#### Work item
Lines in the data below that contain the word "bullet" are to be copied.

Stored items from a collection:

(* Under the setting below, for each unit $i$ the output $\tilde{\mathbf Z}^{obs}_i$ of the knockoff construction algorithm (run with the true model parameters) is a knockoff copy of $\mathbf Z^{obs}_i$ in the sense of the knockoff definition below.
   Context: Setting. There are $N$ independent and identically distributed units $i=1,\dots,N$. For unit $i$: $\mathcal B_i$ is a set of item indices and $\mathbf Y_i=\{Y_{ij}:j\in\mathcal B_i\}$ are item responses; $\mathbf Z_i=(Z_{i1},\dots,Z_{ip})^\top$ is the complete predictor vector, each predictor $j$ being continuous (real-valued), binary (values $\{0,1\}$, set $K_j=1$) or ordinal (values $\{0,\dots,K_j\}$, $K_j\ge2$); $\mathcal D\subset\{1,\dots,p\}$ is the set of binary and ordinal predictors; $\mathcal A_i\subset\{1,\dots,p\}$ is the random set of observed predictors and $\mathbf Z^{obs}_i=\{Z_{ij}:j\in\mathcal A_i\}$. Gaussian copula model: $\mathbf Z_i^*\sim N(\mathbf 0,\Sigma)$ with $\Sigma$ a $p\times p$ correlation matrix (unit diagonal) of rank $p$, and $Z_{ij}=F_j(Z^*_{ij})$, where for continuous $j$, $F_j(z)=c_j+d_jz$ with $d_j>0$, and for $j\in\mathcal D$, $F_j(z)=k$ iff $z\in(c_{jk},c_{j,k+1}]$, $k=0,\dots,K_j$, with $c_{j0}=-\infty<c_{j1}<\dots<c_{jK_j}<c_{j,K_j+1}=+\infty$. Latent regression model: a latent $\theta_i$ with $\theta_i\mid\mathbf Z_i\sim N(\beta_0+\sum_{j=1}^p\boldsymbol\beta_j^\top g_j(Z_{ij}),\sigma^2)$, where $g_j(z)=z$ for continuous or binary $j$ and $g_j(z)=(\mathbb I(z\ge1),\dots,\mathbb I(z\ge K_j))^\top$ for ordinal $j$; given $\theta_i$, the $Y_{ij}$, $j\in\mathcal B_i$, are mutually independent and independent of $\mathbf Z_i$, with known pmfs $P(Y_{ij}=y\mid\theta_i)=h_j(y\mid\theta_i)$. The non-null set is $\mathcal S^*=\{j:\|\boldsymbol\beta_j\|\ne0\}$. Missingness: $\mathcal A_i$ and $\mathbf Y_i$ are conditionally independent given $\mathbf Z_i$, and the SMAR condition holds: with $q(\alpha\mid\mathbf z)$ the conditional pmf of $\mathcal A_i$ given $\mathbf Z_i=\mathbf z$, $q(\alpha\mid\mathbf z)=q(\alpha\mid\mathbf z')$ whenever $z_k=z'_k$ for all $k\in\alpha\cap\mathcal S^*$. Knockoff definition: $\tilde{\mathbf Z}^{obs}_i$ is a knockoff copy of $\mathbf Z^{obs}_i$ if there exist complete vectors $\mathbf Z_i$ and $\tilde{\mathbf Z}_i=(\tilde Z_{i1},\dots,\tilde Z_{ip})^\top$ such that (1) $\mathbf Z^{obs}_i=\{Z_{ij}:j\in\mathcal A_i\}$ and $\tilde{\mathbf Z}^{obs}_i=\{\tilde Z_{ij}:j\in\mathcal A_i\}$; (2) $\tilde{\mathbf Z}_i$, $\mathbf Y_i$ and $\mathcal A_i$ are conditionally independent given $\mathbf Z_i$; (3) $\mathbf Z_i$ follows the Gaussian copula model and $\mathbf Y_i\mid\mathbf Z_i$ follows the latent regression model; (4) for every $\mathcal S\subset\{1,\dots,p\}$, $(\mathbf Z_i,\tilde{\mathbf Z}_i)_{\mathrm{swap}(\mathcal S)}$ and $(\mathbf Z_i,\tilde{\mathbf Z}_i)$ have the same distribution, where $\mathrm{swap}(\mathcal S)$ exchanges $Z_{ij}$ and $\tilde Z_{ij}$ for each $j\in\mathcal S$. Knockoff construction algorithm (given the true parameters $\Xi$ of the copula model and $\beta_0,\boldsymbol\beta,\sigma^2$): Step 1, sample $\mathbf Z_i^*$ from its conditional distribution given $\mathbf Z^{obs}_i$ and $\mathbf Y_i$ under the joint model; Step 2, sample $\tilde{\mathbf Z}_i^*$ given $\mathbf Z_i^*$ so that $(\mathbf Z_i^*,\tilde{\mathbf Z}_i^* )\sim N\!\left(\mathbf 0,G\right)$ with $G=\begin{pmatrix}\Sigma&\Sigma-S\\ \Sigma-S&\Sigma\end{pmatrix}$, $S$ a diagonal matrix such that $G$ is positive semidefinite; Step 3, set $\tilde Z_{ij}=F_j(\tilde Z^*_{ij})$, $j=1,\dots,p$; output $\tilde{\mathbf Z}^{obs}_i=\{\tilde Z_{ij}:j\in\mathcal A_i\}$. *)

theory Defs
  imports "HOL-Probability.Probability"
begin

(* Type of a predictor: continuous, or discrete (binary = K_j = 1, ordinal = K_j >= 2) *)
datatype vtype = Cont | Disc

record 'p copula =
  ty  :: "'p \<Rightarrow> vtype"
  Kn  :: "'p \<Rightarrow> nat"
  cc  :: "'p \<Rightarrow> real"
  dd  :: "'p \<Rightarrow> real"
  thr :: "'p \<Rightarrow> nat \<Rightarrow> real"    (* c_{jk}, k = 1..K_j (discrete) *)
  Sig :: "real^'p^'p"

(* Parameters of the latent regression model; items indexed by the finite type 'q = B_i *)
record ('p,'q) latreg =
  b0  :: real
  bet :: "'p \<Rightarrow> nat \<Rightarrow> real"    (* beta_j: components k = 1..K_j (discrete), component 1 (continuous) *)
  s2  :: real
  hh  :: "'q \<Rightarrow> real \<Rightarrow> nat \<Rightarrow> real" (* h_j(y | theta), responses coded in nat *)

definition valid_copula :: "'p::finite copula \<Rightarrow> bool" where
  "valid_copula P \<longleftrightarrow>
     (\<forall>j. ty P j = Cont \<longrightarrow> dd P j > 0) \<and>
     (\<forall>j. ty P j = Disc \<longrightarrow> Kn P j \<ge> 1 \<and>
            (\<forall>k. 1 \<le> k \<and> k < Kn P j \<longrightarrow> thr P j k < thr P j (Suc k))) \<and>
     (\<forall>j. Sig P $ j $ j = 1) \<and> transpose (Sig P) = Sig P \<and>
     (\<forall>x. 0 \<le> x \<bullet> (Sig P *v x)) \<and> invertible (Sig P)"

(* F_j ; for discrete j, F_j(z) = k iff z in (c_{jk}, c_{j,k+1}] *)
definition Fj :: "'p::finite copula \<Rightarrow> 'p \<Rightarrow> real \<Rightarrow> real" where
  "Fj P j x = (case ty P j of
      Cont \<Rightarrow> cc P j + dd P j * x
    | Disc \<Rightarrow> real (card {k \<in> {1..Kn P j}. thr P j k < x}))"

definition Fmap :: "'p::finite copula \<Rightarrow> real^'p \<Rightarrow> real^'p" where
  "Fmap P zs = (\<chi> j. Fj P j (zs $ j))"

definition bidx :: "'p::finite copula \<Rightarrow> 'p \<Rightarrow> nat set" where
  "bidx P j = (case ty P j of Cont \<Rightarrow> {1} | Disc \<Rightarrow> {1..Kn P j})"

definition linpred :: "'p::finite copula \<Rightarrow> ('p,'q) latreg \<Rightarrow> real^'p \<Rightarrow> real" where
  "linpred P R z = b0 R + (\<Sum>j\<in>UNIV. case ty P j of
      Cont \<Rightarrow> bet R j 1 * z $ j
    | Disc \<Rightarrow> (\<Sum>k\<in>{1..Kn P j}. bet R j k * (if z $ j \<ge> real k then 1 else 0)))"

definition nonnull :: "'p::finite copula \<Rightarrow> ('p,'q) latreg \<Rightarrow> 'p set" where
  "nonnull P R = {j. \<exists>k\<in>bidx P j. bet R j k \<noteq> 0}"

definition valid_latreg :: "('p::finite,'q) latreg \<Rightarrow> bool" where
  "valid_latreg R \<longleftrightarrow> s2 R > 0 \<and>
     (\<forall>j t y. 0 \<le> hh R j t y) \<and> (\<forall>j t. (\<lambda>y. hh R j t y) sums 1) \<and>
     (\<forall>j y. (\<lambda>t. hh R j t y) \<in> borel_measurable borel)"

(* law of Y_i given Z_i = z (theta integrated out; items cond. independent given theta) *)
definition Ylaw :: "'p::finite copula \<Rightarrow> ('p,'q::finite) latreg \<Rightarrow> real^'p \<Rightarrow> ('q \<Rightarrow> nat) measure" where
  "Ylaw P R z = density (count_space UNIV)
     (\<lambda>y. \<integral>\<^sup>+ t. ennreal ((\<Prod>j\<in>UNIV. hh R j t (y j)) * normal_density (linpred P R z) (sqrt (s2 R)) t) \<partial>lborel)"

definition valid_missing :: "'p::finite copula \<Rightarrow> ('p,'q) latreg \<Rightarrow> (real^'p \<Rightarrow> 'p set \<Rightarrow> real) \<Rightarrow> bool" where
  "valid_missing P R q \<longleftrightarrow>
     (\<forall>z a. 0 \<le> q z a) \<and> (\<forall>z. (\<Sum>a\<in>UNIV. q z a) = 1) \<and>
     (\<forall>a. (\<lambda>z. q z a) \<in> borel_measurable borel) \<and>
     (\<forall>a z z'. (\<forall>k\<in>a \<inter> nonnull P R. z $ k = z' $ k) \<longrightarrow> q z a = q z' a)"

definition Aker :: "(real^'p::finite \<Rightarrow> 'p set \<Rightarrow> real) \<Rightarrow> real^'p \<Rightarrow> 'p set measure" where
  "Aker q z = density (count_space UNIV) (\<lambda>a. ennreal (q z a))"

definition gauss1 :: "real \<Rightarrow> real measure" where
  "gauss1 v = (if v = 0 then return borel 0 else density lborel (\<lambda>x. ennreal (normal_density 0 (sqrt v) x)))"

definition is_gauss :: "real^'n::finite^'n \<Rightarrow> (real^'n) measure \<Rightarrow> bool" where
  "is_gauss C \<mu> \<longleftrightarrow> prob_space \<mu> \<and> sets \<mu> = sets borel \<and>
     (\<forall>t. distr \<mu> borel (\<lambda>x. t \<bullet> x) = gauss1 (t \<bullet> (C *v t)))"

definition block_G :: "real^'p::finite^'p \<Rightarrow> real^'p^'p \<Rightarrow> real^('p + 'p)^('p + 'p)" where
  "block_G Sg S = (\<chi> a b. case (a, b) of
      (Inl i, Inl j) \<Rightarrow> Sg $ i $ j
    | (Inl i, Inr j) \<Rightarrow> (Sg - S) $ i $ j
    | (Inr i, Inl j) \<Rightarrow> (Sg - S) $ i $ j
    | (Inr i, Inr j) \<Rightarrow> Sg $ i $ j)"

definition join2 :: "real^'p::finite \<Rightarrow> real^'p \<Rightarrow> real^('p + 'p)" where
  "join2 x y = (\<chi> a. case a of Inl i \<Rightarrow> x $ i | Inr i \<Rightarrow> y $ i)"

(* encoding of {Z_j : j in alpha}: coordinates outside alpha set to 0 (alpha is always carried along) *)
definition mask :: "'p::finite set \<Rightarrow> real^'p \<Rightarrow> real^'p" where
  "mask a z = (\<chi> j. if j \<in> a then z $ j else 0)"

definition swapS :: "'p::finite set \<Rightarrow> (real^'p) \<times> (real^'p) \<Rightarrow> (real^'p) \<times> (real^'p)" where
  "swapS T zz = (\<chi> j. if j \<in> T then snd zz $ j else fst zz $ j,
                 \<chi> j. if j \<in> T then fst zz $ j else snd zz $ j)"

abbreviation ZS :: "(real^'p::finite) measure" where "ZS \<equiv> borel"
abbreviation YS :: "('q \<Rightarrow> nat) measure" where "YS \<equiv> count_space UNIV"
abbreviation AS :: "'p::finite set measure" where "AS \<equiv> count_space UNIV"

definition truth :: "'p::finite copula \<Rightarrow> ('p,'q::finite) latreg \<Rightarrow> (real^'p \<Rightarrow> 'p set \<Rightarrow> real)
    \<Rightarrow> (real^'p) measure \<Rightarrow> ((real^'p) \<times> 'p set \<times> ('q \<Rightarrow> nat)) measure" where
  "truth P R q NZ = bind NZ (\<lambda>zs. bind (Aker q (Fmap P zs)) (\<lambda>a. bind (Ylaw P R (Fmap P zs))
      (\<lambda>y. return (ZS \<Otimes>\<^sub>M AS \<Otimes>\<^sub>M YS) (zs, a, y))))"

#### Result of this exercise
     (\<forall>x. 0 \<le> x \<bullet> (Sig P *v x)) \<and> invertible (Sig P)"
     (\<forall>t. distr \<mu> borel (\<lambda>x. t \<bullet> x) = gauss1 (t \<bullet> (C *v t)))"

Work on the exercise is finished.